The Plaza Accord was followed by the Louvre Accord of 1987, when the US Dollar was allowed to depreciate further in order to offset the US trade deficits as well as the Federal budget deficits due to the Reagan administration’s adherence to ‘Supply-Side Economics.’ The Plaza Accord’s significance in relation to the Lost Decades is tied to the Japanese Yen appreciating in Value as a result of the US Dollar depreciating. The terms of the Plaza and later Louvre Accords contributed to the Japanese economy undergoing a Recession between 1985 and 1986, which concurred with the onset of an asset-price bubble that the Bank of Japan (BOJ) was reluctant in curtailing.”

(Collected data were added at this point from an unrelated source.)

(* In the setting of the homogeneous all-to-all network with coupling $\varepsilon$, $(N-1)\varepsilon<1$, a neuronal differentiable partial reset $R$ and a strictly convex ($U''>0$) dcpd rise function $U$, let $2\le a_1\le N$. If $R'(\zeta)\ge1$ for all $\zeta\in[(a_1-2)\varepsilon,(a_1-1)\varepsilon]$, then an avalanche of size $a_1$ is not invariant under return (for every admissible trigger-invariant firing sequence $\mathcal{F}$ with first avalanche size $a_1$ and every $0<\Delta\phi\le1-U^{-1}(1-\varepsilon)$, $1-M_{\mathcal{F}}(1-\Delta\phi)>\Delta\phi$).
   Context: Rise function: smooth $U:[0,\infty)\to[0,\infty)$, $U'>0$, $U(0)=0$, $U(1)=1$. Partial reset: monotonically increasing $R$ with $R(0)=0$; neuronal if $0\le R(\zeta)\le\zeta$ for $\zeta\ge0$. $H_\varepsilon(\phi)=U^{-1}(U(\phi)+\varepsilon)$, $J_\varepsilon(\phi)=U^{-1}(R(U(\phi)+\varepsilon-1))$, $S_\sigma(\phi)=\phi+\sigma$, $\bigodot_{r=p}^q(S_{\sigma_r}\circ H_{\varepsilon_r}):=S_{\sigma_q}\circ H_{\varepsilon_q}\circ\cdots\circ S_{\sigma_p}\circ H_{\varepsilon_p}$. Network: $N$ units, pulse strength $\varepsilon>0$ between distinct units; phases grow at unit rate; at phase $1$ a unit fires, raising potentials $U(\phi_i)$ of the others by $\varepsilon$; units reaching potential $\ge1$ fire in the same avalanche; non-firing units get phase $H_{k\varepsilon}(\phi_i)$, firing units $J_{k'\varepsilon}(\phi_i)$ ($k$, $k'$ = number of firing units, resp. other than itself). Firing sequence $\mathcal{F}=((a_1,\sigma_1),\dots,(a_m,\sigma_m))$: avalanche sizes and inter-avalanche times over one period of the trigger unit of an avalanche of size $a_1$; admissible = realized by some state; trigger invariant = trigger again at phase $1$ at the end. $M_{\mathcal{F}}(\phi)=\big[\bigodot_{r=2}^m(S_{\sigma_r}\circ H_{a_r\varepsilon})\big]\circ S_{\sigma_1}\circ J_{(a_1-1)\varepsilon}(\phi)$. Invariance under return: $M_{\mathcal{F}}(U^{-1}(1-a\varepsilon))\ge U^{-1}(1-a\varepsilon)$ for all $a\in\{1,\dots,a_1-1\}$ and all admissible trigger-invariant $\mathcal{F}$ with first avalanche size $a_1$. dcpd: $\partial_\phi[H_\varepsilon(\phi+\Delta\phi)-H_\varepsilon(\phi)]\le0$ for $0\le\varepsilon\le1$, $0\le\phi\le1$, $0\le\Delta\phi\le U^{-1}(1-\varepsilon)-\phi$. *)

theory Defs
  imports "HOL-Analysis.Analysis"
begin

definition Uinv :: "(real \<Rightarrow> real) \<Rightarrow> real \<Rightarrow> real" where
  "Uinv U y = the_inv_into {0..} U y"

definition Hmap :: "(real \<Rightarrow> real) \<Rightarrow> real \<Rightarrow> real \<Rightarrow> real" where
  "Hmap U e phi = Uinv U (U phi + e)"

definition Jmap :: "(real \<Rightarrow> real) \<Rightarrow> (real \<Rightarrow> real) \<Rightarrow> real \<Rightarrow> real \<Rightarrow> real" where
  "Jmap U R e phi = Uinv U (R (U phi + e - 1))"

definition Smap :: "real \<Rightarrow> real \<Rightarrow> real" where
  "Smap s phi = phi + s"

text \<open>Composition S_{sigma_q} o H_{a_q eps} o ... o S_{sigma_p} o H_{a_p eps}, applied
  in list order (first list element applied first).\<close>
fun Mtail :: "(real \<Rightarrow> real) \<Rightarrow> real \<Rightarrow> (nat \<times> real) list \<Rightarrow> real \<Rightarrow> real" where
  "Mtail U e [] phi = phi"
| "Mtail U e ((a, s) # rest) phi = Mtail U e rest (Smap s (Hmap U (real a * e) phi))"

fun Mmap :: "(real \<Rightarrow> real) \<Rightarrow> (real \<Rightarrow> real) \<Rightarrow> real \<Rightarrow> (nat \<times> real) list \<Rightarrow> real \<Rightarrow> real" where
  "Mmap U R e [] phi = phi"
| "Mmap U R e ((a1, s1) # rest) phi =
     Mtail U e rest (Smap s1 (Jmap U R ((real a1 - 1) * e) phi))"

text \<open>Units with phase 1 (potential U 1 = 1) are always in A.\<close>
definition aval_set :: "(real \<Rightarrow> real) \<Rightarrow> nat \<Rightarrow> real \<Rightarrow> (nat \<Rightarrow> real) \<Rightarrow> nat set" where
  "aval_set U N e phi =
     \<Inter> {A. A \<subseteq> {..<N} \<and> (\<forall>i\<in>{..<N} - A. U (phi i) + real (card A) * e < 1)}"

definition aval_step :: "(real \<Rightarrow> real) \<Rightarrow> (real \<Rightarrow> real) \<Rightarrow> nat \<Rightarrow> real \<Rightarrow> (nat \<Rightarrow> real) \<Rightarrow> (nat \<Rightarrow> real)" where
  "aval_step U R N e phi =
     (let A = aval_set U N e phi; k = card A in
      (\<lambda>i. if i \<in> A then Jmap U R ((real k - 1) * e) (phi i) else Hmap U (real k * e) (phi i)))"

definition wait_time :: "nat \<Rightarrow> (nat \<Rightarrow> real) \<Rightarrow> real" where
  "wait_time N psi = 1 - Max (psi ` {..<N})"

definition next_pre :: "(real \<Rightarrow> real) \<Rightarrow> (real \<Rightarrow> real) \<Rightarrow> nat \<Rightarrow> real \<Rightarrow> (nat \<Rightarrow> real) \<Rightarrow> (nat \<Rightarrow> real)" where
  "next_pre U R N e phi =
     (let psi = aval_step U R N e phi in (\<lambda>i. psi i + wait_time N psi))"

text \<open>pre_state ... phi r = state just before the (r+1)-th avalanche, starting with the
  avalanche at state phi.\<close>
fun pre_state :: "(real \<Rightarrow> real) \<Rightarrow> (real \<Rightarrow> real) \<Rightarrow> nat \<Rightarrow> real \<Rightarrow> (nat \<Rightarrow> real) \<Rightarrow> nat \<Rightarrow> (nat \<Rightarrow> real)" where
  "pre_state U R N e phi 0 = phi"
| "pre_state U R N e phi (Suc r) = next_pre U R N e (pre_state U R N e phi r)"

text \<open>F is the firing sequence over one period of the trigger unit j, starting from the
  state phi (phases in [0,1]) at which j has phase 1 and triggers the first avalanche:
  the r-th entry records the size of the r-th avalanche and the time until the next one;
  j does not fire in avalanches 2..m and fires again in avalanche m+1.\<close>
definition realizes ::
  "(real \<Rightarrow> real) \<Rightarrow> (real \<Rightarrow> real) \<Rightarrow> nat \<Rightarrow> real \<Rightarrow> (nat \<Rightarrow> real) \<Rightarrow> nat \<Rightarrow> (nat \<times> real) list \<Rightarrow> bool" where
  "realizes U R N e phi j F \<longleftrightarrow>
     j < N \<and> (\<forall>i<N. 0 \<le> phi i \<and> phi i \<le> 1) \<and> phi j = 1 \<and>
     F \<noteq> [] \<and>
     (\<forall>r<length F.
        fst (F ! r) = card (aval_set U N e (pre_state U R N e phi r)) \<and>
        snd (F ! r) = wait_time N (aval_step U R N e (pre_state U R N e phi r))) \<and>
     (\<forall>r\<in>{1..<length F}. j \<notin> aval_set U N e (pre_state U R N e phi r)) \<and>
     j \<in> aval_set U N e (pre_state U R N e phi (length F))"

text \<open>Admissible (realized by some state) and trigger invariant (the trigger unit is again
  at phase 1, i.e. triggers, at the end of the period).\<close>
definition admissible_trigger_invariant ::
  "(real \<Rightarrow> real) \<Rightarrow> (real \<Rightarrow> real) \<Rightarrow> nat \<Rightarrow> real \<Rightarrow> (nat \<times> real) list \<Rightarrow> bool" where
  "admissible_trigger_invariant U R N e F \<longleftrightarrow>
     (\<exists>phi j. realizes U R N e phi j F \<and> pre_state U R N e phi (length F) j = 1)"

definition dcpd :: "(real \<Rightarrow> real) \<Rightarrow> bool" where
  "dcpd U \<longleftrightarrow>
     (\<forall>e phi d D. 0 \<le> e \<and> e \<le> 1 \<and> 0 \<le> phi \<and> phi \<le> 1 \<and> 0 \<le> d \<and> d \<le> Uinv U (1 - e) - phi \<and>
        ((\<lambda>x. Hmap U e (x + d) - Hmap U e x) has_real_derivative D) (at phi within {0..})
        \<longrightarrow> D \<le> 0)"

definition smooth_pos :: "(real \<Rightarrow> real) \<Rightarrow> bool" where
  "smooth_pos U \<longleftrightarrow> (\<forall>n. \<forall>x>0. ((deriv ^^ n) U) differentiable (at x))"

end

theory Submission
  imports Defs
begin

(* Measure the distance between the trigger phase 1 and a perturbed
   phase 1 - d in "potential" U.  Initially the potential gap is 1 - U(1 - d).  The reset
   J maps both phases to U^-1(R(z)) for arguments z2 < z1 in [(a1-2)e, (a1-1)e]; since
   R' >= 1 there, R does not shrink the gap.  A pulse H adds the same potential to both
   phases and so keeps the gap, while a free phase advance by s >= 0 widens it because U
   is convex, strictly so for the first inter-avalanche time s > 0.  Hence after one period
   U(M(1)) - U(M(1 - d)) > 1 - U(1 - d); trigger invariance gives M(1) = 1, so
   M(1 - d) < 1 - d. *)

section \<open>Monotonicity from the sign of a derivative on [0,oo)\<close>

lemma deriv_within_nonneg_at:
  assumes "\<forall>x\<ge>0. (f has_real_derivative f' x) (at x within {0..})" and "x > 0"
  shows "(f has_real_derivative f' x) (at x)"
proof -
  have "(f has_real_derivative f' x) (at x within {0<..})"
    using assms by (auto intro: DERIV_subset[of _ _ _ "{0..}"])
  moreover have "at x within {0<..} = at x"
    using assms(2) by (intro at_within_open) auto
  ultimately show ?thesis by simp
qed

lemma deriv_within_nonneg_continuous:
  assumes "\<forall>x\<ge>0. (f has_real_derivative f' x) (at x within {0..})" and "0 \<le> a"
  shows "continuous_on {a..b} f"
proof -
  have "continuous_on {0..} f"
    using assms(1) by (auto simp: continuous_on_eq_continuous_within intro: DERIV_continuous)
  then show ?thesis by (rule continuous_on_subset) (use assms(2) in auto)
qed

lemma increasing_if_deriv_pos:
  assumes d: "\<forall>x\<ge>0. (f has_real_derivative f' x) (at x within {0..})"
    and pos: "\<forall>x>0. f' x > 0" and "0 \<le> a" "a < b"
  shows "f a < f b"
proof (rule DERIV_pos_imp_increasing_open[OF \<open>a < b\<close>])
  fix x assume "a < x" "x < b"
  then have "x > 0" using \<open>0 \<le> a\<close> by linarith
  then have "DERIV f x :> f' x" "f' x > 0" using deriv_within_nonneg_at[OF d] pos by auto
  then show "\<exists>y. DERIV f x :> y \<and> y > 0" by blast
qed (rule deriv_within_nonneg_continuous[OF d \<open>0 \<le> a\<close>])

lemma nondecreasing_if_deriv_nonneg:
  assumes d: "\<forall>x\<ge>0. (f has_real_derivative f' x) (at x within {0..})"
    and nonneg: "\<forall>x. a < x \<and> x < b \<longrightarrow> f' x \<ge> 0" and "0 \<le> a" "a \<le> b"
  shows "f a \<le> f b"
proof (rule DERIV_nonneg_imp_increasing_open[OF \<open>a \<le> b\<close>])
  fix x assume "a < x" "x < b"
  then have "DERIV f x :> f' x" "f' x \<ge> 0"
    using deriv_within_nonneg_at[OF d] nonneg \<open>0 \<le> a\<close> by auto
  then show "\<exists>y. DERIV f x :> y \<and> y \<ge> 0" by blast
qed (rule deriv_within_nonneg_continuous[OF d \<open>0 \<le> a\<close>])

lemma slope_ge_one_expands:
  fixes R R' :: "real \<Rightarrow> real"
  assumes R_deriv: "\<forall>z\<ge>0. (R has_real_derivative R' z) (at z within {0..})"
    and slope: "\<forall>z. lo \<le> z \<and> z \<le> hi \<longrightarrow> R' z \<ge> 1"
    and "0 \<le> lo" "lo \<le> y" "y \<le> x" "x \<le> hi"
  shows "x - y \<le> R x - R y"
proof -
  have d: "\<forall>z\<ge>0. ((\<lambda>z. R z - z) has_real_derivative R' z - 1) (at z within {0..})"
    using R_deriv by (auto intro!: derivative_eq_intros)
  have "(\<lambda>z. R z - z) y \<le> (\<lambda>z. R z - z) x"
    by (rule nondecreasing_if_deriv_nonneg[OF d]) (use slope assms(3-6) in auto)
  then show ?thesis by simp
qed

section \<open>Strictly increasing, strictly convex rise functions\<close>

locale rise_function =
  fixes U U' U'' :: "real \<Rightarrow> real"
  assumes U_deriv: "\<forall>x\<ge>0. (U has_real_derivative U' x) (at x within {0..})"
    and U'_deriv: "\<forall>x\<ge>0. (U' has_real_derivative U'' x) (at x within {0..})"
    and U'_pos: "\<forall>x\<ge>0. U' x > 0"
    and U''_pos: "\<forall>x\<ge>0. U'' x > 0"
    and U0: "U 0 = 0"
begin

lemma U_strict_mono: "0 \<le> a \<Longrightarrow> a < b \<Longrightarrow> U a < U b"
  using increasing_if_deriv_pos[OF U_deriv] U'_pos by auto

lemma U'_strict_mono: "0 \<le> a \<Longrightarrow> a < b \<Longrightarrow> U' a < U' b"
  using increasing_if_deriv_pos[OF U'_deriv] U''_pos by auto
lemma left_move_wins_of_winL_gsum_minus_one:
  assumes "p \<le> TB" and "winL TB (gsum G (gconj (int_game 1))) p m"
  shows "left_move_wins TB G p m"
proof -
  let ?H = "gsum G (gconj (int_game 1))"
  have left: "left_move_wins TB G q u" if "q \<le> TB" "left_move_wins TB ?H q u" for q u
    using left_move_wins_of_gsum_no_lopts[OF lopts_gconj_int_game] that by blast
  have left_marker: "left_move_wins TB G q True"
    if "q \<le> TB" "left_move_wins TB ?H q False" for q
    using that lopts_gconj_int_game unfolding left_move_wins_def lopts_gsum
    by (auto simp del: One_nat_def intro: winL_marker_of_gsum_minus_one)
  obtain l where "l \<le> p" and H: "bid_wins TB ?H p m l 0"
    using assms(2) unfolding winL_iff_bid by blast
  have "p - l \<le> TB"
    using assms(1) by simp
  show ?thesis
  proof (cases "l = 0")
    case True
    show ?thesis
    proof (cases m)
      case True
      with \<open>l = 0\<close> H show ?thesis
        using left_marker[of p] assms(1) by (simp add: bid_wins_marker)
    next
      case False
      with \<open>l = 0\<close> H have "right_moves_win TB ?H p True"
        by (simp add: bid_wins_no_marker)
      then have "winL TB G p True"
        using right_option_gsum_minus_one unfolding right_moves_win_def by blast
      with False show ?thesis
        using left_move_wins_of_winL assms(1) by simp
    qed
  next
    case False
    have "left_move_wins TB G (p - l) (m \<or> u)" if "left_move_wins TB ?H (p - l) u" for u
      using that left[of "p - l" u] left_marker[of "p - l"] \<open>p - l \<le> TB\<close> by (cases u; cases m) auto
    then have "left_move_wins TB G (p - l) m"
      using H False by (cases m) (auto simp: bid_wins_marker bid_wins_no_marker)
    moreover have "state_le (p - l) m p m"
      using False \<open>l \<le> p\<close> unfolding state_le_def by auto
    ultimately show ?thesis
      using left_move_wins_mono_state assms(1) by blast
  qed
qed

As I had stated in the next paragraph of that Compendium Entry, the BOJ has had a previous record of being reluctant in making sudden changes to its monetary policies. There is an insightful passage, which I feel is relevant in today’s political climate, wherein I wrote that the BOJ made the decision to make borrowing Kapital easier at reduced Interest Rates in order to promote Inflation to offset Currency Appreciation.
“The BOJ figures prominently into why there little or no intervention in avoiding the excesses of the asset-price bubble during the late 1980s. As the Japanese Yen appreciated during this period, the BOJ tolerated a contractionary monetary policy while the economy was expanding because of an overreliance on exports and Kapital for foreign investments only. But when the Yen continued to appreciate towards the end of the decade, the Japanese pursued a belligerent combination of monetary and fiscal policies. On the monetary side, the BOJ allowed for monetary easing that made borrowing cheap Kapital easier at preferrable Interest Rates for potential Borrowers. And on the fiscal side, the national government increased public investments to generate Inflation to offset Currency Appreciation.”
The passages emphasized by me are in reference to the trend which emerged in the wake of the initial Lost Decade and still lingering to this day. At first, the Japanese national economy and financial regime began the 1990s with rising Deflation and thus Currency Appreciation. The consistent goal of various parliamentary governments since then was to create artificial Inflation, to impose Currency Depreciation on the Yen to counteract against the effects of the Lost Decades. To understand the significance of what I am about to describe here, some visual aids are needed.
The following line graphs are Japan’s Interest Rates since the first decade of the Lost Decades. Notice how much Interest Rates has fallen from their peak in the early 1990s to their near 0% rates throughout most of the 2000s and 2010s. The other line graph depicts the occurrence of Negative Interest from 2016 onwards.
Next, compare the two line graphs with this graph depicting the Japanese Inflation Rate around the same period. Do note that the graph also features a projection of where the Inflation Rate would be heading in the next four years.
Based on available historical data, past records, and contemporary trends which I had discussed in The Work-Standard, it would seem that the BOJ’s hesitance at pursuing a contractionary monetary policy now is rooted in its past activities. If their goal for the past thirty years is to create artificial Inflation to induce Currency Depreciation, it is unreasonable to expect the BOJ to go in the opposite direction. To reverse its present course by introducing artificial Deflation and in turn Currency Appreciation runs contrary to the goal of getting Japan out of its still-ongoing Lost Decades. An undervalued Yen is far more preferable than an overvalued one. At least, that is what I can infer from the past three decades of policies taken by the BOJ.